Co-payment sendiri merupakan bagian dari Surat Edaran OJK (SEOJK) Nomor 7 Tahun 2025 tentang Produk Asuransi Kesehatan. Skema ini menetapkan batas maksimum pembayaran peserta, yaitu Rp 300 ribu per klaim rawat jalan dan Rp 3 juta per klaim rawat inap. Perusahaan asuransi berhak menetapkan nilai lebih tinggi jika disepakati dalam polis.

Namun, setelah pembahasan intensif dengan DPR, implementasi kebijakan ini ditangguhkan. Berikut adalah beberapa fakta penting terkait penundaan ini:

1. Pembahasan Mendalam di DPR

Komisi XI DPR RI memanggil OJK untuk mengklarifikasi skema co-payment yang menimbulkan pertanyaan di masyarakat. Ketua Komisi XI DPR menekankan perlunya penjelasan dari OJK terkait isu yang ramai diperbincangkan ini.

OJK menjelaskan bahwa co-payment berlaku untuk polis baru mulai 1 Januari 2026. Sementara, pemegang polis lama diberi waktu penyesuaian hingga 31 Desember 2026. Kebijakan ini hanya berlaku untuk asuransi kesehatan komersial, tidak mencakup BPJS Kesehatan. OJK berpendapat bahwa co-payment dapat menekan premi asuransi dan telah diterapkan di beberapa negara.

Meski demikian, setelah diskusi panjang, DPR dan OJK sepakat menunda implementasi co-payment sampai Peraturan OJK (POJK) terkait kebijakan tersebut diterbitkan.

2. Penundaan Hingga POJK Terbit

Penundaan ini dilakukan untuk memberi ruang bagi penyusunan POJK yang lebih komprehensif. DPR akan aktif terlibat dalam proses penyusunan POJK untuk memastikan aspirasi berbagai pihak terkait terserap dengan baik.

Ketua Dewan Komisioner OJK menerima kesepakatan ini, menandakan komitmen OJK untuk bekerja sama dengan DPR dalam menyusun regulasi yang optimal.

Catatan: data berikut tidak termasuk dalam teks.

(* Let $y_0\in Y$ satisfy $d^*(y_0)=k^*(y_0)$. - If $V_T(\cdot)$ is continuous on $Y$ for every integer $T>1$, then the limit $\lim_{T\to\infty}V_T(y_0)$ exists and equals $d^*(y_0)$. - If $h_\alpha(\cdot)$ is continuous on $Y$ for every $\alpha\in(0,1)$, then the limit $\lim_{\alpha\uparrow1}h_\alpha(y_0)$ exists and equals $d^*(y_0)$.
   Context: Let $Y\subset\mathbb{R}^m$ be nonempty compact, $U_0$ a compact metric space, $U(\cdot):Y\rightsquigarrow U_0$ upper semicontinuous and compact-valued, and $f:\mathbb{R}^m\times U_0\to\mathbb{R}^m$, $k:\mathbb{R}^m\times U_0\to\mathbb{R}$ continuous. Put $A(y):=\{u\in U(y): f(y,u)\in Y\}$ and $G:=\{(y,u):y\in Y,\ u\in A(y)\}$. Standing assumption: $A(y)\ne\emptyset$ for all $y\in Y$. For $y_0\in Y$, an admissible process on $\{0,\dots,T-1\}$ (respectively on $\{0,1,\dots\}$) is a pair $(y(t),u(t))$ with $y(0)=y_0$, $u(t)\in A(y(t))$ and $y(t+1)=f(y(t),u(t))$. The controls form $\mathcal U_T(y_0)$ (respectively $\mathcal U(y_0)$). Value functions: $$V_T(y_0):=\frac1T\min_{u\in\mathcal U_T(y_0)}\sum_{t=0}^{T-1}k(y(t),u(t)),\qquad h_\alpha(y_0):=(1-\alpha)\min_{u\in\mathcal U(y_0)}\sum_{t=0}^\infty\alpha^tk(y(t),u(t)).$$ LP value: - $\mathcal P(G)$ denotes the Borel probability measures on $G$ and $\mathcal M_+(G)$ the finite nonnegative Borel measures on $G$. - $W:=\{\gamma\in\mathcal P(G):\int_G(\varphi(f(y,u))-\varphi(y))\,d\gamma=0\ \forall\varphi\in C(Y)\}$. - $k^*(y_0)$ is the infimum of $\int_Gk\,d\gamma$ over pairs $(\gamma,\xi)\in\mathcal P(G)\times\mathcal M_+(G)$ with $\gamma\in W$ and $\int_G(\varphi(y_0)-\varphi(y))\,d\gamma+\int_G(\varphi(f(y,u))-\varphi(y))\,d\xi=0$ for all $\varphi\in C(Y)$. Dual value: $d^*(y_0):=\sup\mu$, where the supremum is over triples $(\mu,\psi,\eta)\in\mathbb{R}\times C(Y)\times C(Y)$ with, for all $(y,u)\in G$: $$k(y,u)+\psi(y_0)-\psi(y)+\eta(f(y,u))-\eta(y)-\mu\ge0,\qquad\psi(f(y,u))-\psi(y)\ge0.$$ *)

theory Defs
  imports "HOL-Analysis.Analysis" "HOL-Probability.Probability"
begin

3. DPR Mengkritik Proses Penyusunan SE

DPR menyoroti kurangnya keterlibatan mereka dalam penyusunan SE co-payment. DPR mempertanyakan mengapa OJK lebih banyak berkonsultasi dengan pihak eksternal seperti Lembaga Penyelidikan Ekonomi dan Masyarakat (LPEM) FEB Universitas Indonesia (UI).

DPR berpendapat, mengingat urgensi kebijakan ini, OJK sebaiknya menerbitkan POJK sebagai landasan hukum yang lebih kuat daripada hanya menerbitkan SE.

Dengan penundaan ini, diharapkan OJK dapat menyusun regulasi yang lebih matang dan mengakomodasi kepentingan seluruh pihak terkait, sehingga kebijakan co-payment dapat diimplementasikan secara efektif dan adil.